Writing Stackable Filesystems
Writing filesystems, or any kernel code, is hard. The kernel is a complex environment to master, and small mistakes can cause severe data corruption. Filesystems, however, offer a clean data access mechanism that is transparent to user applications, which is why developers always desire to add new features to filesystems. In this article, we provide a quick introduction so you can add new functionality to existing filesystems without having to become a kernel or filesystems expert.
Although Linux supports many filesystems, they are pretty similar: disk-based filesystems, network-based filesystems, etc. Making a filesystem stable and efficient takes years of effort, and once it's stable and working, you don't want to break it by throwing in new features. Besides, maintainers of filesystems rarely accept feature-enhancement patches to their stable filesystems. So, it is no surprise that the most popular filesystems currently in use have not fundamentally changed in years.
Suppose you want to write a simple encryption filesystem that uses a single fixed cipher key to encrypt file data. Getting portable C code for various ciphers is easy. Next, you have to tie the calls to encrypt and decrypt data buffers into the filesystem. Conceptually the problem is simple: encrypt any data that comes from the write system call before it is written to disk, and decrypt any data that comes from the disk before it is passed back to the user process that called the read system call.

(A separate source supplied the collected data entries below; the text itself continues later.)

(* Let $f\in P_k^n$, let $N\in Sep(f)$, and let $x_1,\dots,x_m$ be essential variables of $f$. Suppose there exist constants $c_1,\dots,c_m\in Z_k$ such that $N\cap Ess(f(x_i=c_i))=\emptyset$ for every $i=1,\dots,m$. Then $M\cup N\in Sep(f)$ for every nonempty $M\subseteq\{x_1,\dots,x_m\}$.
   Context: $Z_k=\{0,1,\dots,k-1\}$, $k\ge2$; $P_k^n$ is the set of all maps $f:Z_k^n\to Z_k$ in the variables $x_1,\dots,x_n$. A variable $x_i$ is essential in $f$ if there are $a_1,\dots,a_n,b\in Z_k$ with $f(a_1,\dots,a_i,\dots,a_n)\ne f(a_1,\dots,a_{i-1},b,a_{i+1},\dots,a_n)$; $Ess(f)$ is the set of essential variables. For an essential $x_i$ and $c\in Z_k$, $f(x_i=c)$ is the function obtained by assigning $c$ to $x_i$; $f\succ g$ means $g=f(x_i=c)$ for some essential $x_i$ and $c$, and $\succeq$ is the reflexive-transitive closure of $\succ$ (the elements $g$ with $f\succeq g$ are the subfunctions of $f$). A nonempty set $M\subseteq Ess(f)$ is separable in $f$ if $M=Ess(g)$ for some $g$ with $f\succeq g$; $Sep(f)$ is the set of separable sets of $f$. *)

theory Defs
  imports Main
begin

(* Inputs: assignments a :: nat => nat to the variables x_1..x_n (indices 1..n),
   with values in Z_k = {0..<k}; other indices are fixed to 0. *)
definition inputs :: "nat \<Rightarrow> nat \<Rightarrow> (nat \<Rightarrow> nat) set" where
  "inputs k n = {a. (\<forall>i\<in>{1..n}. a i < k) \<and> (\<forall>i. i \<notin> {1..n} \<longrightarrow> a i = 0)}"

definition Pkn :: "nat \<Rightarrow> nat \<Rightarrow> ((nat \<Rightarrow> nat) \<Rightarrow> nat) set" where
  "Pkn k n = {f. \<forall>a\<in>inputs k n. f a < k}"

definition Ess :: "nat \<Rightarrow> nat \<Rightarrow> ((nat \<Rightarrow> nat) \<Rightarrow> nat) \<Rightarrow> nat set" where
  "Ess k n f = {i\<in>{1..n}. \<exists>a\<in>inputs k n. \<exists>b<k. f a \<noteq> f (a(i := b))}"

definition assign :: "((nat \<Rightarrow> nat) \<Rightarrow> nat) \<Rightarrow> nat \<Rightarrow> nat \<Rightarrow> ((nat \<Rightarrow> nat) \<Rightarrow> nat)" where
  "assign f i c = (\<lambda>a. f (a(i := c)))"

definition succ_fun :: "nat \<Rightarrow> nat \<Rightarrow> ((nat \<Rightarrow> nat) \<Rightarrow> nat) \<Rightarrow> ((nat \<Rightarrow> nat) \<Rightarrow> nat) \<Rightarrow> bool" where
  "succ_fun k n f g \<longleftrightarrow> (\<exists>i\<in>Ess k n f. \<exists>c<k. g = assign f i c)"

definition subfun :: "nat \<Rightarrow> nat \<Rightarrow> ((nat \<Rightarrow> nat) \<Rightarrow> nat) \<Rightarrow> ((nat \<Rightarrow> nat) \<Rightarrow> nat) \<Rightarrow> bool" where
  "subfun k n = (succ_fun k n)\<^sup>*\<^sup>*"

definition Sep :: "nat \<Rightarrow> nat \<Rightarrow> ((nat \<Rightarrow> nat) \<Rightarrow> nat) \<Rightarrow> nat set set" where
  "Sep k n f = {M. M \<noteq> {} \<and> M \<subseteq> Ess k n f \<and> (\<exists>g. subfun k n f g \<and> M = Ess k n g)}"

end

theory Submission
  imports Defs
begin

text \<open>Every subfunction of \<open>f\<close> is \<open>f\<close> with some variables fixed to constants. Let \<open>N = Ess g\<close>
for a subfunction \<open>g\<close>. Extend the constants fixed in \<open>g\<close> by \<open>0\<close> to all variables outside \<open>N\<close>;
fixing by these constants every variable outside \<open>M \<union> N\<close> gives a subfunction \<open>h\<close> with
\<open>N \<subseteq> Ess h \<subseteq> M \<union> N\<close>, since \<open>g\<close> is recovered from \<open>h\<close> by fixing further variables that are
inessential in \<open>g\<close>. If some \<open>x\<^sub>i \<in> M\<close> were inessential in \<open>h\<close>, then \<open>h\<close> would coincide with
\<open>h(x\<^sub>i = c\<^sub>i)\<close>, a subfunction of \<open>f(x\<^sub>i = c\<^sub>i)\<close>, forcing \<open>N \<subseteq> Ess (f(x\<^sub>i = c\<^sub>i))\<close>.\<close>

definition fix_vars :: "((nat \<Rightarrow> nat) \<Rightarrow> nat) \<Rightarrow> (nat \<Rightarrow> nat) \<Rightarrow> nat set \<Rightarrow> (nat \<Rightarrow> nat) \<Rightarrow> nat"
  where "fix_vars f \<beta> S = (\<lambda>a. f (override_on a \<beta> S))"

lemma fun_upd_in_inputs:
  "a \<in> inputs k n \<Longrightarrow> i \<in> {1..n} \<Longrightarrow> b < k \<Longrightarrow> a(i := b) \<in> inputs k n"
  by (auto simp: inputs_def)

lemma override_on_in_inputs:
  "a \<in> inputs k n \<Longrightarrow> S \<subseteq> {1..n} \<Longrightarrow> \<forall>l\<in>S. \<beta> l < k \<Longrightarrow> override_on a \<beta> S \<in> inputs k n"
  by (auto simp: inputs_def override_on_def)

lemma Ess_subset_vars: "Ess k n f \<subseteq> {1..n}"
  by (auto simp: Ess_def)

lemma Ess_cong: "(\<And>a. a \<in> inputs k n \<Longrightarrow> g a = h a) \<Longrightarrow> Ess k n g = Ess k n h"
  unfolding Ess_def by (metis (no_types, lifting) fun_upd_in_inputs atLeastAtMost_iff mem_Collect_eq)

lemma fix_vars_fix_vars: "fix_vars (fix_vars f \<beta> S) \<beta> S' = fix_vars f \<beta> (S \<union> S')"
  by (auto simp: fix_vars_def override_on_def intro!: ext arg_cong[where f = f])

lemma fix_vars_cong: "\<forall>l\<in>S. \<beta> l = \<beta>' l \<Longrightarrow> fix_vars f \<beta> S = fix_vars f \<beta>' S"
  by (auto simp: fix_vars_def override_on_def intro!: ext arg_cong[where f = f])

lemma assign_fix_vars:
  "i \<notin> S \<Longrightarrow> assign (fix_vars f \<beta> S) i c = fix_vars (assign f i c) \<beta> S"
  by (auto simp: fix_vars_def assign_def override_on_def intro!: ext arg_cong[where f = f])

lemma assign_fix_vars_insert:
  "i \<notin> S \<Longrightarrow> assign (fix_vars f \<beta> S) i c = fix_vars f (\<beta>(i := c)) (insert i S)"
  by (auto simp: fix_vars_def assign_def override_on_def intro!: ext arg_cong[where f = f])

lemma Ess_fix_vars_subset:
  assumes S: "S \<subseteq> {1..n}" "\<forall>l\<in>S. \<beta> l < k"
  shows "Ess k n (fix_vars f \<beta> S) \<subseteq> Ess k n f - S"
proof
  fix j assume "j \<in> Ess k n (fix_vars f \<beta> S)"
  then obtain a b where a: "a \<in> inputs k n" "b < k" and j: "j \<in> {1..n}"
    and differ: "f (override_on a \<beta> S) \<noteq> f (override_on (a(j := b)) \<beta> S)"
    unfolding Ess_def fix_vars_def by blast
  have "j \<notin> S"
  proof
    assume "j \<in> S"
    then have "override_on a \<beta> S = override_on (a(j := b)) \<beta> S"
      by (auto simp: override_on_def)
    with differ show False by simp
  qed
  then have "override_on (a(j := b)) \<beta> S = (override_on a \<beta> S)(j := b)"
    by (auto simp: override_on_def)
  with differ a j override_on_in_inputs[OF a(1) S] \<open>j \<notin> S\<close>
  show "j \<in> Ess k n f - S" unfolding Ess_def by auto
qed

lemma fix_vars_inessential_eq:
  assumes "S \<subseteq> {1..n}" "S \<inter> Ess k n f = {}" "\<forall>l\<in>S. \<beta> l < k" "a \<in> inputs k n"
  shows "fix_vars f \<beta> S a = f a"
proof -
  have "finite S" using assms(1) finite_subset by blast
  from this assms show ?thesis
  proof (induction S rule: finite_induct)
    case empty
    then show ?case by (simp add: fix_vars_def)
  next
    case (insert u S)
    have "override_on a \<beta> S \<in> inputs k n"
      using insert.prems by (intro override_on_in_inputs) auto
    moreover have "u \<notin> Ess k n f" "u \<in> {1..n}" "\<beta> u < k"
      using insert.prems by auto
    ultimately have "f ((override_on a \<beta> S)(u := \<beta> u)) = f (override_on a \<beta> S)"
      unfolding Ess_def by auto
    with insert show ?case by (simp add: fix_vars_def override_on_insert)
  qed
qed

lemma subfun_imp_fix_vars:
  "subfun k n f g \<Longrightarrow> \<exists>S \<beta>. S \<subseteq> {1..n} \<and> (\<forall>l\<in>S. \<beta> l < k) \<and> g = fix_vars f \<beta> S"
  unfolding subfun_def
proof (induction rule: rtranclp_induct)
  case base
  show ?case by (rule exI[of _ "{}"]) (auto simp: fix_vars_def)
next
  case (step g g')
  from step.IH obtain S \<beta> where S: "S \<subseteq> {1..n}" "\<forall>l\<in>S. \<beta> l < k"
    and g: "g = fix_vars f \<beta> S" by blast
  from step.hyps(2) obtain i c where i: "i \<in> Ess k n g" and c: "c < k" and g': "g' = assign g i c"
    unfolding succ_fun_def by blast
  have "i \<notin> S" "i \<in> {1..n}"
    using i Ess_fix_vars_subset[OF S] Ess_subset_vars unfolding g by blast+
  then have "g' = fix_vars f (\<beta>(i := c)) (insert i S)"
    unfolding g' g by (simp add: assign_fix_vars_insert)
  moreover have "insert i S \<subseteq> {1..n}" "\<forall>l\<in>insert i S. (\<beta>(i := c)) l < k"
    using S \<open>i \<in> {1..n}\<close> c by auto
  ultimately show ?case by blast
qed

text \<open>Assigning an inessential variable does not change a function on inputs, so
subfunctions are closed under arbitrary assignments up to agreement on inputs.\<close>

lemma subfun_assign:
  assumes g: "subfun k n f g" and "i \<in> {1..n}" "c < k"
  shows "\<exists>g'. subfun k n f g' \<and> (\<forall>a\<in>inputs k n. g' a = assign g i c a)"
proof (cases "i \<in> Ess k n g")
  case True
  then have "succ_fun k n g (assign g i c)"
    unfolding succ_fun_def using \<open>c < k\<close> by blast
  with g have "subfun k n f (assign g i c)"
    unfolding subfun_def by simp
  then show ?thesis by blast
next
  case False
  then have "\<forall>a\<in>inputs k n. g a = assign g i c a"
    using assms unfolding Ess_def assign_def by auto
  with g show ?thesis by blast
qed

lemma fix_vars_subfun:
  assumes "S \<subseteq> {1..n}" "\<forall>l\<in>S. \<beta> l < k"
  shows "\<exists>g. subfun k n f g \<and> (\<forall>a\<in>inputs k n. g a = fix_vars f \<beta> S a)"
proof -
  have "finite S" using assms(1) finite_subset by blast
  from this assms show ?thesis
  proof (induction S rule: finite_induct)
    case empty
    show ?case by (rule exI[of _ f]) (simp add: subfun_def fix_vars_def)
  next
    case (insert i S)
    then obtain g where g: "subfun k n f g" "\<forall>a\<in>inputs k n. g a = fix_vars f \<beta> S a"
      by auto
    from subfun_assign[OF g(1), of i "\<beta> i"] insert.prems obtain g'
      where g': "subfun k n f g'" "\<forall>a\<in>inputs k n. g' a = assign g i (\<beta> i) a"
      by auto
    have "assign g i (\<beta> i) a = fix_vars f \<beta> (insert i S) a" if "a \<in> inputs k n" for a
      using that g(2) insert fun_upd_in_inputs[OF that]
      by (simp add: assign_def fix_vars_def override_on_insert')
    with g' show ?case by auto
  qed
qed

text \<open>The constants \<open>\<beta>\<close> are those fixed in \<open>g\<close>, extended by \<open>0\<close>: fixing all variables
outside \<open>Ess g\<close> by \<open>\<beta>\<close> reproduces \<open>g\<close> on inputs, and that function arises from
\<open>fix_vars f \<beta> R\<close> by fixing still more variables.\<close>

lemma subfun_Ess_subset_Ess_fix_vars:
  assumes "subfun k n f g" "0 < k"
  obtains \<beta> where "\<forall>l. \<beta> l < k"
    and "\<And>R. R \<subseteq> {1..n} - Ess k n g \<Longrightarrow> Ess k n g \<subseteq> Ess k n (fix_vars f \<beta> R)"
proof -
  from subfun_imp_fix_vars[OF assms(1)] obtain S \<beta>0 where S: "S \<subseteq> {1..n}" "\<forall>l\<in>S. \<beta>0 l < k"
    and g: "g = fix_vars f \<beta>0 S" by blast
  define \<beta> where "\<beta> = (\<lambda>l. if l \<in> S then \<beta>0 l else 0)"
  have \<beta>: "\<forall>l. \<beta> l < k" using S(2) \<open>0 < k\<close> by (simp add: \<beta>_def)
  have g_\<beta>: "g = fix_vars f \<beta> S"
    unfolding g by (rule fix_vars_cong) (simp add: \<beta>_def)
  have S_Ess: "S \<inter> Ess k n g = {}"
    using Ess_fix_vars_subset[OF S] g by blast
  define U where "U = {1..n} - Ess k n g - S"
  have "Ess k n g \<subseteq> Ess k n (fix_vars f \<beta> R)" if R: "R \<subseteq> {1..n} - Ess k n g" for R
  proof -
    have "Ess k n g = Ess k n (fix_vars g \<beta> U)"
      by (rule Ess_cong, rule fix_vars_inessential_eq[symmetric]) (use \<beta> in \<open>auto simp: U_def\<close>)
    also have "fix_vars g \<beta> U = fix_vars (fix_vars f \<beta> R) \<beta> (S \<union> U)"
    proof -
      have "S \<union> U = R \<union> (S \<union> U)" using R S_Ess by (auto simp: U_def)
      then show ?thesis unfolding g_\<beta> fix_vars_fix_vars by metis
    qed
    also have "Ess k n \<dots> \<subseteq> Ess k n (fix_vars f \<beta> R)"
      using Ess_fix_vars_subset[of "S \<union> U" n \<beta> k] S \<beta> by (auto simp: U_def)
    finally show ?thesis .
  qed
  with \<beta> that show ?thesis by blast
qed

lemma Ess_fix_vars_subset_Ess_assign:
  assumes R: "R \<subseteq> {1..n}" "\<forall>l\<in>R. \<beta> l < k"
    and i: "i \<in> {1..n} - R" "i \<notin> Ess k n (fix_vars f \<beta> R)" and "c < k"
  shows "Ess k n (fix_vars f \<beta> R) \<subseteq> Ess k n (assign f i c)"
proof -
  have "Ess k n (fix_vars f \<beta> R) = Ess k n (assign (fix_vars f \<beta> R) i c)"
    using i \<open>c < k\<close> by (intro Ess_cong) (auto simp: Ess_def assign_def)
  also have "\<dots> = Ess k n (fix_vars (assign f i c) \<beta> R)"
    using i by (simp add: assign_fix_vars)
  also have "\<dots> \<subseteq> Ess k n (assign f i c)"
    using Ess_fix_vars_subset[OF R] by blast
  finally show ?thesis .
qed

theorem lemma4:
  fixes k n m :: nat and f :: "(nat \<Rightarrow> nat) \<Rightarrow> nat" and N :: "nat set"
    and x c :: "nat \<Rightarrow> nat"
  assumes "k \<ge> 2"
    and "f \<in> Pkn k n"
    and "N \<in> Sep k n f"
    and "\<forall>i\<in>{1..m}. x i \<in> Ess k n f"
    and "\<forall>i\<in>{1..m}. c i < k"
    and "\<forall>i\<in>{1..m}. N \<inter> Ess k n (assign f (x i) (c i)) = {}"
  shows "\<forall>M. M \<noteq> {} \<and> M \<subseteq> x ` {1..m} \<longrightarrow> M \<union> N \<in> Sep k n f"
proof (intro allI impI)
  fix M assume M: "M \<noteq> {} \<and> M \<subseteq> x ` {1..m}"
  from assms(3) obtain g where N: "N \<noteq> {}" "N \<subseteq> Ess k n f" "N = Ess k n g" and g: "subfun k n f g"
    unfolding Sep_def by blast
  from subfun_Ess_subset_Ess_fix_vars[OF g] assms(1) obtain \<beta> where \<beta>: "\<forall>l. \<beta> l < k"
    and N_Ess: "\<And>R. R \<subseteq> {1..n} - N \<Longrightarrow> N \<subseteq> Ess k n (fix_vars f \<beta> R)"
    unfolding N(3) by auto
  define R where "R = {1..n} - N - M"
  have R: "R \<subseteq> {1..n}" "\<forall>l\<in>R. \<beta> l < k" using \<beta> by (auto simp: R_def)
  have M_vars: "M \<subseteq> Ess k n f" using M assms(4) by blast
  have "N \<subseteq> Ess k n (fix_vars f \<beta> R)" by (rule N_Ess) (auto simp: R_def)
  moreover have "Ess k n (fix_vars f \<beta> R) \<subseteq> M \<union> N"
    using Ess_fix_vars_subset[OF R, of f] Ess_subset_vars[of k n f] by (auto simp: R_def)
  moreover have "M \<subseteq> Ess k n (fix_vars f \<beta> R)"
  proof
    fix y assume "y \<in> M"
    then obtain i where i: "i \<in> {1..m}" "y = x i" using M by blast
    have "y \<in> {1..n} - R" using \<open>y \<in> M\<close> M_vars Ess_subset_vars[of k n f] by (auto simp: R_def)
    with Ess_fix_vars_subset_Ess_assign[OF R] i assms(5,6) \<open>N \<subseteq> Ess k n (fix_vars f \<beta> R)\<close> N(1)
    show "y \<in> Ess k n (fix_vars f \<beta> R)" by blast
  qed
  moreover obtain h where "subfun k n f h" "Ess k n h = Ess k n (fix_vars f \<beta> R)"
    using fix_vars_subfun[OF R] Ess_cong by metis
  ultimately show "M \<union> N \<in> Sep k n f"
    unfolding Sep_def using M_vars N(1,2) by blast
qed

end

Your first inclination might be to copy the 5,000+ lines of source code for ext2, study it and then add your cipher calls to it. You should resist the urge to copy a whole other filesystem as a starting point. Although it's only 5,000+ lines of code, kernel code is at least an order of magnitude more complex to develop than user-level code. If you actually end up putting the calls to your cipher in the right place in this new filesystem, you'll find you spent most of your time studying it, only to add a small number of lines in some places. Even so, now you've got yourself a single encrypting ext2 filesystem. What if you want an encrypting NFS filesystem or any one of the plethora of other Linux filesystems?
Linux, like most OSes, separates its filesystem code into two components: native filesystems (ext2, NFS, etc.) and a general-purpose layer called the virtual filesystem (VFS). The VFS is a layer that sits between system call entry points and native filesystems. The VFS provides a uniform access mechanism to filesystems without needing to know the details of those filesystems. When filesystems are initialized in the kernel, they install a set of function pointers (methods in OO-speak) for the VFS to use. The VFS, in turn, calls these pointer functions generically, without knowing which specific filesystem the pointers represent. For example, an unlink system call gets translated into a service routine sys_unlink, which invokes the vfs_unlink VFS function, which invokes a filesystem-specific method by using its installed function pointer: ext2_unlink for ext2, nfs_unlink for NFS or the appropriate function for other filesystems. Throughout this article, we refer to the specific filesystem method using ->, as in ->unlink().
To solve this problem of how to develop our encryption filesystem quickly, we employ the following adage: “Any problem in computer science can be solved by adding another level of indirection.” Luckily, the Linux VFS allows another filesystem to be inserted right between the VFS and another filesystem. Figure 1 shows such a stackable encryption filesystem called Cryptfs. Cryptfs is called stackable because it stacks on top of another filesystem (ext2). Here, the VFS calls Cryptfs' ->write() method (cryptfs_write); Cryptfs encrypts the user data it receives and passes it down by calling the ->write() method below (ext2_write).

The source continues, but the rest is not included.